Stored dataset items
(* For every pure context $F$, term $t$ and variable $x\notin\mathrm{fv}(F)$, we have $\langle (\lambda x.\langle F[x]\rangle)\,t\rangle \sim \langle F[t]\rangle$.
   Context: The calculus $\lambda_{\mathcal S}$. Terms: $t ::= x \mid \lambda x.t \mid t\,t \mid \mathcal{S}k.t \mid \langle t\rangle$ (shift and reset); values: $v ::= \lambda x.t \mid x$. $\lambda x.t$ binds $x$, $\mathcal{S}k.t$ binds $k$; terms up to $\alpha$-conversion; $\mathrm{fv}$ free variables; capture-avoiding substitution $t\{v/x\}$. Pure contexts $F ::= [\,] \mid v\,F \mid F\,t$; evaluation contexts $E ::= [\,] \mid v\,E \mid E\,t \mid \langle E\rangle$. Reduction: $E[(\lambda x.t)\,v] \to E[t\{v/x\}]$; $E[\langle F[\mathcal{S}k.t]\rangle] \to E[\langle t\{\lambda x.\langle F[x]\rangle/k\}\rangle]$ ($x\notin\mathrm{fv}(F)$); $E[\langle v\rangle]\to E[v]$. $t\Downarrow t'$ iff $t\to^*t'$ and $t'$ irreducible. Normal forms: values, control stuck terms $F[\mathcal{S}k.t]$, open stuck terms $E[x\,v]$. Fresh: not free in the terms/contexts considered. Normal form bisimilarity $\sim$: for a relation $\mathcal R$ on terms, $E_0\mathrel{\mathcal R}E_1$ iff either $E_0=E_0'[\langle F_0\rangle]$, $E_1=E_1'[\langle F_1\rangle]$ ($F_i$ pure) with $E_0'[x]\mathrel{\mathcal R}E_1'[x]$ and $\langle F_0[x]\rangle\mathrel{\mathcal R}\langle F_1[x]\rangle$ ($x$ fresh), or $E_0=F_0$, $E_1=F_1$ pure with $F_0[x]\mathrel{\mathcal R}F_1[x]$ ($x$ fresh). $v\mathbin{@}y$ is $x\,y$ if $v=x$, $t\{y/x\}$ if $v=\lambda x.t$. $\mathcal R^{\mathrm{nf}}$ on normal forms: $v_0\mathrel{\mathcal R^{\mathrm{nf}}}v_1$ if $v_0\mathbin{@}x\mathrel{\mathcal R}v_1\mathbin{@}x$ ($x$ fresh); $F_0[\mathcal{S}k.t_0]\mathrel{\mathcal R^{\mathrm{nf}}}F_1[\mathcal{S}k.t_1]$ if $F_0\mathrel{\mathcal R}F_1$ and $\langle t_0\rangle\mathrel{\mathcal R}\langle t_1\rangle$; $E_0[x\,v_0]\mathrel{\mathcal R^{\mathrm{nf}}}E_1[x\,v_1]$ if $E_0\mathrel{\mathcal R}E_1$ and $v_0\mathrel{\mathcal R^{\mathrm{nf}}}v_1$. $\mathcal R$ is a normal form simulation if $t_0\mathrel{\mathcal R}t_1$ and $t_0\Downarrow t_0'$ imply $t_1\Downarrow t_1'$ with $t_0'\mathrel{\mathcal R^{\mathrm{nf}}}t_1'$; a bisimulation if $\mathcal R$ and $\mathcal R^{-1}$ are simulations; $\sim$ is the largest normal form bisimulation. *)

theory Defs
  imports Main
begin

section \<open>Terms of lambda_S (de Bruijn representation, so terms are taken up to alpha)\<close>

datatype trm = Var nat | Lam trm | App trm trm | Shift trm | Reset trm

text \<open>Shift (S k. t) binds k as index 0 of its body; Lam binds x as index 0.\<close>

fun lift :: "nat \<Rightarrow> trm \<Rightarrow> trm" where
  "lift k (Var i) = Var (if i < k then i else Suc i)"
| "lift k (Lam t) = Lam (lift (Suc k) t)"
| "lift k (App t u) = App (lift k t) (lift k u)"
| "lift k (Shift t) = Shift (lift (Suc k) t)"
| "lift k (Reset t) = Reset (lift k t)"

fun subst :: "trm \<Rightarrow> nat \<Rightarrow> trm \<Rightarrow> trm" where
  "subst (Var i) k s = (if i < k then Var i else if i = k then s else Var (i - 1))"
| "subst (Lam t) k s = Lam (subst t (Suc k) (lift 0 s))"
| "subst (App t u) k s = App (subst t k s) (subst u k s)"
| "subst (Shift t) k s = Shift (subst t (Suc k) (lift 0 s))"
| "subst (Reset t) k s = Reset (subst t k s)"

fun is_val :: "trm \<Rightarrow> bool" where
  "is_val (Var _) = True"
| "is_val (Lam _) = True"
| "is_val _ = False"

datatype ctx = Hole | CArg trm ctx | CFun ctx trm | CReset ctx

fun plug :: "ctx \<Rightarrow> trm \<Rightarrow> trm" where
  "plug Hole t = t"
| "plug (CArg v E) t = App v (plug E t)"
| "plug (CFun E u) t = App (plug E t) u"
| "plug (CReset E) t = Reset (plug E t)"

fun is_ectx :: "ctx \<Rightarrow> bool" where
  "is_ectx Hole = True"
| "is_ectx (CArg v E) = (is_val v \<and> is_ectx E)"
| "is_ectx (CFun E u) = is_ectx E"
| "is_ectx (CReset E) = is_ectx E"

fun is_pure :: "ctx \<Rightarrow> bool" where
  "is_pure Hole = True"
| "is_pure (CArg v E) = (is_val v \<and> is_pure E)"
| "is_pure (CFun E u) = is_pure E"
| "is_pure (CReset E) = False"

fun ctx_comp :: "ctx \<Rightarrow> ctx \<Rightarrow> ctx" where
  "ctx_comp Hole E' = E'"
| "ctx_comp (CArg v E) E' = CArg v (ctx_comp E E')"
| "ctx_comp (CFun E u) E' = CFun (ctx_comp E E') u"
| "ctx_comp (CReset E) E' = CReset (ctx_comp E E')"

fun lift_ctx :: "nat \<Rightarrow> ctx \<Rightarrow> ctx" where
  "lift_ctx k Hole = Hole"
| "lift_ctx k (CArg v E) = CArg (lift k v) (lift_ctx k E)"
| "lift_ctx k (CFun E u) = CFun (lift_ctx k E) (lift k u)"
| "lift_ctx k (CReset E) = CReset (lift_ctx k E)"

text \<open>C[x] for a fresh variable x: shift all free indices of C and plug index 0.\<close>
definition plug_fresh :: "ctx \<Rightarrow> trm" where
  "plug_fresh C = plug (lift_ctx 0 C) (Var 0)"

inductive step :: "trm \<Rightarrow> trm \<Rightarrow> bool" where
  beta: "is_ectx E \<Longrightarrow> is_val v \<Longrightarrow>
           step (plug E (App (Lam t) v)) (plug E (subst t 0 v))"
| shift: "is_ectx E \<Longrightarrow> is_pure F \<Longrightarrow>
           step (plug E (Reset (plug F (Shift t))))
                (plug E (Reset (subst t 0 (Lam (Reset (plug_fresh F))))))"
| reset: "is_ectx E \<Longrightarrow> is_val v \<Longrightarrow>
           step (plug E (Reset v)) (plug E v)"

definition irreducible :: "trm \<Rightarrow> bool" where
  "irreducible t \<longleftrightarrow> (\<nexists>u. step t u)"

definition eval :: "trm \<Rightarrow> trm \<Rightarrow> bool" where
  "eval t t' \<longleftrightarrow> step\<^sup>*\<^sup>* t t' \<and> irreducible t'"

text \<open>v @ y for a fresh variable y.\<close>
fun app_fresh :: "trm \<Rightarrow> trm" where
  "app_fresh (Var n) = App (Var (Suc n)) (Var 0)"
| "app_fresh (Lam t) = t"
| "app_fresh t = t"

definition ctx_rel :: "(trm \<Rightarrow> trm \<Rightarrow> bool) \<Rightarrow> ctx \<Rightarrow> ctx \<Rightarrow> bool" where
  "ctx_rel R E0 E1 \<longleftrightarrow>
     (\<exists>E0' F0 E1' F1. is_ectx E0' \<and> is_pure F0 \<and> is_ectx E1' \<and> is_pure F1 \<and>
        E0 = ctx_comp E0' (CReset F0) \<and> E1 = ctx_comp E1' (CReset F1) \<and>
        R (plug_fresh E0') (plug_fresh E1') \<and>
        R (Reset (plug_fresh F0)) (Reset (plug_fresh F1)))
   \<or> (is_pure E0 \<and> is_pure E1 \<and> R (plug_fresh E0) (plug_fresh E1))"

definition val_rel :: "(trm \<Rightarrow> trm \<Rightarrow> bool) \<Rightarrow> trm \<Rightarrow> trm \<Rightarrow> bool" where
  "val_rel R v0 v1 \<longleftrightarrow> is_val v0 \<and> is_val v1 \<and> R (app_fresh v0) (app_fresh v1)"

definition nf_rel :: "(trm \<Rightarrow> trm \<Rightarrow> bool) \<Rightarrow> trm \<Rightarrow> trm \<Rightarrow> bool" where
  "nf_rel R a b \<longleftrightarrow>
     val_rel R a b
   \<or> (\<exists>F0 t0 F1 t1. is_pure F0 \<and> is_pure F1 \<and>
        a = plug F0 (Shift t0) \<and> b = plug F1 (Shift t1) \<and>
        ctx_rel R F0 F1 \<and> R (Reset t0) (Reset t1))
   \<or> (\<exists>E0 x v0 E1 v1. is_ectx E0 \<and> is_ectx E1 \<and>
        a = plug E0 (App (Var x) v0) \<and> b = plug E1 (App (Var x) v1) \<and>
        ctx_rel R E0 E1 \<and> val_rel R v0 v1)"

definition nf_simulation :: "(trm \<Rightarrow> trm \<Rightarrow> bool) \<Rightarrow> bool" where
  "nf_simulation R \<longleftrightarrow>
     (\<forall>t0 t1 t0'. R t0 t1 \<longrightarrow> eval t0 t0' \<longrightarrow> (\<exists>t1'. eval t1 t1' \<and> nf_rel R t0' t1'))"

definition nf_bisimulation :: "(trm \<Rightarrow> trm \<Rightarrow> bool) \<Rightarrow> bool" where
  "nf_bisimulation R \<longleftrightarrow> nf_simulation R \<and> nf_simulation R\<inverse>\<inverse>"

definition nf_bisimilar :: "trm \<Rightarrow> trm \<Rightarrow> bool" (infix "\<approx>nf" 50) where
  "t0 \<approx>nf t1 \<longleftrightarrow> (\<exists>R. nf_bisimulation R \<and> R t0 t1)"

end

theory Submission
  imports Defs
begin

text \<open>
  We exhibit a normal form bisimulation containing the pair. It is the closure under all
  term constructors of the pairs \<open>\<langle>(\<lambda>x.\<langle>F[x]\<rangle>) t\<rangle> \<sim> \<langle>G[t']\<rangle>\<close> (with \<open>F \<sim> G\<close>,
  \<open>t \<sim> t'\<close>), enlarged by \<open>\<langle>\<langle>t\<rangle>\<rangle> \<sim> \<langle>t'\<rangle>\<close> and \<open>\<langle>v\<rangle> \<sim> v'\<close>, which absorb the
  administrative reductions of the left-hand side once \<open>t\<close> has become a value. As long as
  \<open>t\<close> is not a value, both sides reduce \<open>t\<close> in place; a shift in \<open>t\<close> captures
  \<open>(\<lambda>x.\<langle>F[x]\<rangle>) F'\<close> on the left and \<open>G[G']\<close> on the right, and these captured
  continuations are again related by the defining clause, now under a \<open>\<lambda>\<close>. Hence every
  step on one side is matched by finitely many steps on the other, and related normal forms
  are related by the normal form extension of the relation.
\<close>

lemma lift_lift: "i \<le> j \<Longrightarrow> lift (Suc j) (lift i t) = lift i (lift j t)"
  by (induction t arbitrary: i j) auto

- **DIRECTIONS FOR THIS TASK**
Would you output, from the records above, exactly the run of lines that starts at the line containing "a b \<longleftrightarrow>" and ends at the line containing "is_ectx E1 \<and>", and only that run?

- **WRITTEN RESPONSE**
  "nf_rel R a b \<longleftrightarrow>
     val_rel R a b
   \<or> (\<exists>F0 t0 F1 t1. is_pure F0 \<and> is_pure F1 \<and>
        a = plug F0 (Shift t0) \<and> b = plug F1 (Shift t1) \<and>
        ctx_rel R F0 F1 \<and> R (Reset t0) (Reset t1))
   \<or> (\<exists>E0 x v0 E1 v1. is_ectx E0 \<and> is_ectx E1 \<and>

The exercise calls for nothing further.